Experimental program
Comparison scheme
Effect test

Embodiment 1

[0047] The synthetic route of intermediate compound b:

[0048]

[0049] Synthesis of intermediate compound b

[0050] In a three-necked flask equipped with a magnetic stirrer, add 2 parts of bis(4-bromophenyl) ketone a, 5 parts of potassium acetate, 2.5 parts of bisglutaryl diboron and 0.1 part of Pd(dppf)Cl 2 Dissolve in 100 parts of 1,4-dioxane, stir at 80°C for 16-24 hours, then extract with dichloromethane, wash with saturated brine for 4 times, dry with anhydrous magnesium sulfate, filter, and distill off Solvent, the product is purified by column chromatography with petroleum ether / ethyl acetate (10:1) to obtain bis(4-(4,4,5,5-tetramethyl-1,3,2-dioxaboron Heterocyclopent-2-yl)phenyl)methanone. Yield 86.5%. NMR data 1 H NMR (500MHz, CDCl 3 ): δ7.91(d, J=8.2Hz, 4H), 7.76(d, J=8.3Hz, 4H), 1.37(s, 24H) indicated that the obtained compound was the target product.

Embodiment 2

[0052] The synthetic route of intermediate compound c:

[0053]

[0054] Synthesis of intermediate compound c

[0055] Add 1 part of bis(4-(4,4,5,5-tetramethyl-1,3,2-dioxaborolan-2-yl)benzene into a three-necked flask equipped with a magnetic stirrer Base) ketone (b), 2.2 parts of m-bromoiodobenzene and 0.03 parts of tetrakis (triphenylphosphine) palladium dissolved in 60 parts of toluene, reacted at 85-100 ° C for 18-26 hours, and then used di Extracted with methyl chloride, washed with saturated brine for 4 times, dried with anhydrous magnesium sulfate, filtered, distilled off the solvent, and the product was purified by column chromatography using petroleum ether / ethyl acetate (8:1) as the eluent to obtain bis( 3'-Bromo-[1,1'-biphenyl]-4-yl)methanone.
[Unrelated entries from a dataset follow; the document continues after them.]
(* For all $x,u\in\mathbb R$, \[\int_0^1|\dot K_t(x,u)|\,dt\le 10\sup_{0<t\le1}K_t(x,u).\]
   Context: $R(x)=x^2/2$. $K_t(x,u)=\frac{e^{R(x)}}{\sqrt{1-e^{-2t}}}\exp\bigl(-\frac12\frac{(e^{-t}u-x)^2}{1-e^{-2t}}\bigr)$ for $t>0$, and $\dot K_t=\partial K_t/\partial t$. *)

theory Defs
  imports "HOL-Analysis.Analysis"
begin

definition R :: "real \<Rightarrow> real" where
  "R x = x\<^sup>2 / 2"

definition K :: "real \<Rightarrow> real \<Rightarrow> real \<Rightarrow> real" where
  "K t x u = exp (R x) / sqrt (1 - exp (-2*t)) *
     exp (-(1/2) * (exp (-t) * u - x)\<^sup>2 / (1 - exp (-2*t)))"

definition Kdot :: "real \<Rightarrow> real \<Rightarrow> real \<Rightarrow> real" where
  "Kdot t x u = deriv (\<lambda>s. K s x u) t"

end

theory Submission
  imports Defs "HOL-Computational_Algebra.Polynomial"
begin

text \<open>
  For \<open>t > 0\<close> we have \<open>K t x u = exp (log_K t x u)\<close> and, writing \<open>s = exp (-t)\<close>, the
  \<open>t\<close>-derivative of \<open>log_K\<close> is \<open>s p(s) / (1 - s^2)^2\<close> for a monic cubic \<open>p\<close>. So \<open>Kdot\<close> has
  at most three zeros in \<open>(0, 1]\<close>, and \<open>t \<mapsto> K t x u\<close> is monotone on at most four subintervals.
  On each of them the integral of \<open>|Kdot|\<close> is the increment of \<open>K\<close>, which is at most
  \<open>sup K\<close> because \<open>K > 0\<close>. Hence the left-hand side is even bounded by \<open>4 sup K\<close>.
\<close>

lemma continuous_on_sign_constant_if_no_interior_zero:
  fixes g :: "real \<Rightarrow> real"
  assumes cont: "continuous_on {a..b} g"
    and nonzero: "\<And>x. x \<in> {a<..<b} \<Longrightarrow> g x \<noteq> 0"
  shows "(\<forall>x\<in>{a..b}. 0 \<le> g x) \<or> (\<forall>x\<in>{a..b}. g x \<le> 0)"
proof (rule ccontr)
  assume "\<not> ?thesis"
  then obtain p q where pq: "p \<in> {a..b}" "q \<in> {a..b}" "g p < 0" "0 < g q"
    by (auto simp: not_le)
  have "\<exists>z. min p q \<le> z \<and> z \<le> max p q \<and> g z = 0"
  proof (cases "p \<le> q")
    case True
    then show ?thesis
      using IVT'[where f=g and a=p and b=q and y=0] pq continuous_on_subset[OF cont, of "{p..q}"]
      by auto
  next
    case False
    then show ?thesis
      using IVT2'[where f=g and a=q and b=p and y=0] pq continuous_on_subset[OF cont, of "{q..p}"]
      by auto
  qed
  then obtain z where z: "min p q \<le> z" "z \<le> max p q" "g z = 0" by blast
  then have "z \<noteq> p" "z \<noteq> q" using pq by auto
  with z pq have "z \<in> {a<..<b}" by auto
  with z nonzero show False by blast
qed

lemma integral_abs_deriv_eq_if_no_interior_zero:
  fixes f f' :: "real \<Rightarrow> real"
  assumes "a \<le> b"
    and deriv: "\<And>x. x \<in> {a..b} \<Longrightarrow> (f has_real_derivative f' x) (at x)"
    and cont: "continuous_on {a..b} f'"
    and nonzero: "\<And>x. x \<in> {a<..<b} \<Longrightarrow> f' x \<noteq> 0"
  shows "integral {a..b} (\<lambda>x. \<bar>f' x\<bar>) = \<bar>f b - f a\<bar>"
proof -
  have ftc: "(f' has_integral f b - f a) {a..b}"
    using deriv by (intro fundamental_theorem_of_calculus[OF \<open>a \<le> b\<close>])
       (auto simp: has_real_derivative_iff_has_vector_derivative intro: has_vector_derivative_at_within)
  from continuous_on_sign_constant_if_no_interior_zero[OF cont nonzero]
  show ?thesis
  proof
    assume nonneg: "\<forall>x\<in>{a..b}. 0 \<le> f' x"
    have abs: "((\<lambda>x. \<bar>f' x\<bar>) has_integral f b - f a) {a..b}"
      using ftc by (rule has_integral_eq[rotated]) (use nonneg in auto)
    moreover have "0 \<le> f b - f a"
      using abs by (rule has_integral_nonneg) simp
    ultimately show ?thesis by (simp add: integral_unique)
  next
    assume nonpos: "\<forall>x\<in>{a..b}. f' x \<le> 0"
    have abs: "((\<lambda>x. \<bar>f' x\<bar>) has_integral - (f b - f a)) {a..b}"
      using has_integral_neg[OF ftc] by (rule has_integral_eq[rotated]) (use nonpos in auto)
    moreover have "0 \<le> - (f b - f a)"
      using abs by (rule has_integral_nonneg) simp
    ultimately show ?thesis by (simp add: integral_unique)
  qed
qed

lemma integral_abs_deriv_le_card_zeros:
  fixes f f' :: "real \<Rightarrow> real" and m M :: real
  assumes "a \<le> b"
    and deriv: "\<And>x. x \<in> {a..b} \<Longrightarrow> (f has_real_derivative f' x) (at x)"
    and cont: "continuous_on {a..b} f'"
    and range: "\<And>x. x \<in> {a..b} \<Longrightarrow> f x \<in> {m..M}"
    and fin: "finite {x\<in>{a<..<b}. f' x = 0}"
  shows "integral {a..b} (\<lambda>x. \<bar>f' x\<bar>) \<le> (card {x\<in>{a<..<b}. f' x = 0} + 1) * (M - m)"
  using assms
proof (induction "card {x\<in>{a<..<b}. f' x = 0}" arbitrary: a b rule: less_induct)
  case less
  let ?Z = "{x\<in>{a<..<b}. f' x = 0}"
  have "m \<le> M" using less.prems(1) less.prems(4)[of a] by auto
  show ?case
  proof (cases "?Z = {}")
    case True
    then have "integral {a..b} (\<lambda>x. \<bar>f' x\<bar>) = \<bar>f b - f a\<bar>"
      using less.prems by (intro integral_abs_deriv_eq_if_no_interior_zero) auto
    also have "\<dots> \<le> M - m"
      using less.prems(1) less.prems(4)[of a] less.prems(4)[of b] by auto
    finally show ?thesis unfolding True by simp
  next
    case False
    then obtain c where c: "c \<in> ?Z" by blast
    let ?Z1 = "{x\<in>{a<..<c}. f' x = 0}" and ?Z2 = "{x\<in>{c<..<b}. f' x = 0}"
    have sub: "?Z1 \<union> ?Z2 \<subseteq> ?Z - {c}" and disj: "?Z1 \<inter> ?Z2 = {}" using c by auto
    then have fin12: "finite ?Z1" "finite ?Z2" using less.prems(5) by (auto intro: finite_subset)
    have "card ?Z1 + card ?Z2 \<le> card (?Z - {c})"
      using card_mono[OF _ sub] card_Un_disjoint[OF fin12 disj] less.prems(5) by simp
    moreover have "card (?Z - {c}) + 1 = card ?Z"
      using card.remove[OF less.prems(5) c] by simp
    ultimately have card12: "card ?Z1 + card ?Z2 + 1 \<le> card ?Z" by linarith
    have acb: "a \<le> c" "c \<le> b" using c by auto
    have left: "integral {a..c} (\<lambda>x. \<bar>f' x\<bar>) \<le> (card ?Z1 + 1) * (M - m)"
      using card12 acb less.prems fin12
      by (intro less.hyps) (auto intro: continuous_on_subset[OF less.prems(3)])
    have right: "integral {c..b} (\<lambda>x. \<bar>f' x\<bar>) \<le> (card ?Z2 + 1) * (M - m)"
      using card12 acb less.prems fin12
      by (intro less.hyps) (auto intro: continuous_on_subset[OF less.prems(3)])
    have "(\<lambda>x. \<bar>f' x\<bar>) integrable_on {a..b}"
      by (intro integrable_continuous_interval continuous_intros less.prems)
    then have "integral {a..b} (\<lambda>x. \<bar>f' x\<bar>)
        = integral {a..c} (\<lambda>x. \<bar>f' x\<bar>) + integral {c..b} (\<lambda>x. \<bar>f' x\<bar>)"
      using acb by (simp add: Henstock_Kurzweil_Integration.integral_combine)
    also have "\<dots> \<le> (card ?Z1 + card ?Z2 + 2) * (M - m)"
      using left right by (simp add: algebra_simps)
    also have "\<dots> \<le> (card ?Z + 1) * (M - m)"
      using card12 \<open>m \<le> M\<close> by (intro mult_right_mono) simp_all
    finally show ?thesis .
  qed
qed

lemma SUP_indicator_Icc_eq_indicator_Ioc:
  fixes a b t :: real and g :: "real \<Rightarrow> ennreal"
  assumes "a < b"
  shows "(SUP n. g t * indicator {a + (b - a) / Suc n..b} t) = g t * indicator {a<..b} t"
proof (cases "t \<in> {a<..b}")
  case True
  obtain n where "inverse (Suc n) < (t - a) / (b - a)"
    using True reals_Archimedean[of "(t - a) / (b - a)"] by auto
  then have "a + (b - a) / Suc n \<le> t"
    using True by (simp add: field_simps)
  then have hit: "g t * indicator {a + (b - a) / Suc n..b} t = g t"
    using True by simp
  have "(SUP m. g t * indicator {a + (b - a) / Suc m..b} t) = g t"
  proof (rule antisym)
    show "(SUP m. g t * indicator {a + (b - a) / Suc m..b} t) \<le> g t"
      by (rule SUP_least) (simp split: split_indicator)
    show "g t \<le> (SUP m. g t * indicator {a + (b - a) / Suc m..b} t)"
      by (rule SUP_upper2[of n]) (simp_all only: hit UNIV_I order_refl)
  qed
  then show ?thesis
    using True by simp
next
  case False
  moreover have "a < a + (b - a) / Suc n" for n
    using assms by simp
  ultimately have "t \<notin> {a + (b - a) / Suc n..b}" for n
    by (metis greaterThanAtMost_iff atLeastAtMost_iff order_less_le_trans)
  with False show ?thesis by simp
qed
Yield: 87.2%. NMR data 1 H NMR (400Hz, CDCl 3 ):δ7.95–7.89(m,4H),7.80(t,J=1.9Hz,2H),7.72–7.67(m,4H),7.56(dddd,J=14.9,8.0,1.9,1.0Hz,4H ), 7.36(t, J=7.8Hz, 2H) indicated that the obtained compound was the target product...

Embodiment 3

[0057] The synthetic route of target compound I:

[0058]

[0059] Synthesis of target compound I

[0060] In a three-necked flask equipped with a magnetic stirrer, 3 parts of bis(3'-bromo-[1,1'-biphenyl]-4-yl)methanone obtained in Example 2, and 24 parts of zinc powder were put into 150 In a dry THF solvent, add 12 parts of titanium tetrachloride dropwise at -78°C for 30 minutes, take it out and return to room temperature naturally, react at 85-95°C for 15-24 hours after 30 minutes, and then remove The solvent was separated and purified by column to obtain 1,1,2,2-tetrakis(3'-bromo[1,1'-biphenyl]-4-yl)ethene. NMR data 1 H NMR (500Hz, CDCl 3 ): δ7.71(t,J=1.8Hz,4H),7.49(ddd,J=7.8,1.7,1.0Hz,4H),7.43(ddd,J=7.9,2.0,1.0Hz,4H),7.40– 7.33 (m, 8H), 7.26 (s, 4H), 7.17 (d, J=8.0Hz, 8H) indicated that the obtained compound was the target product.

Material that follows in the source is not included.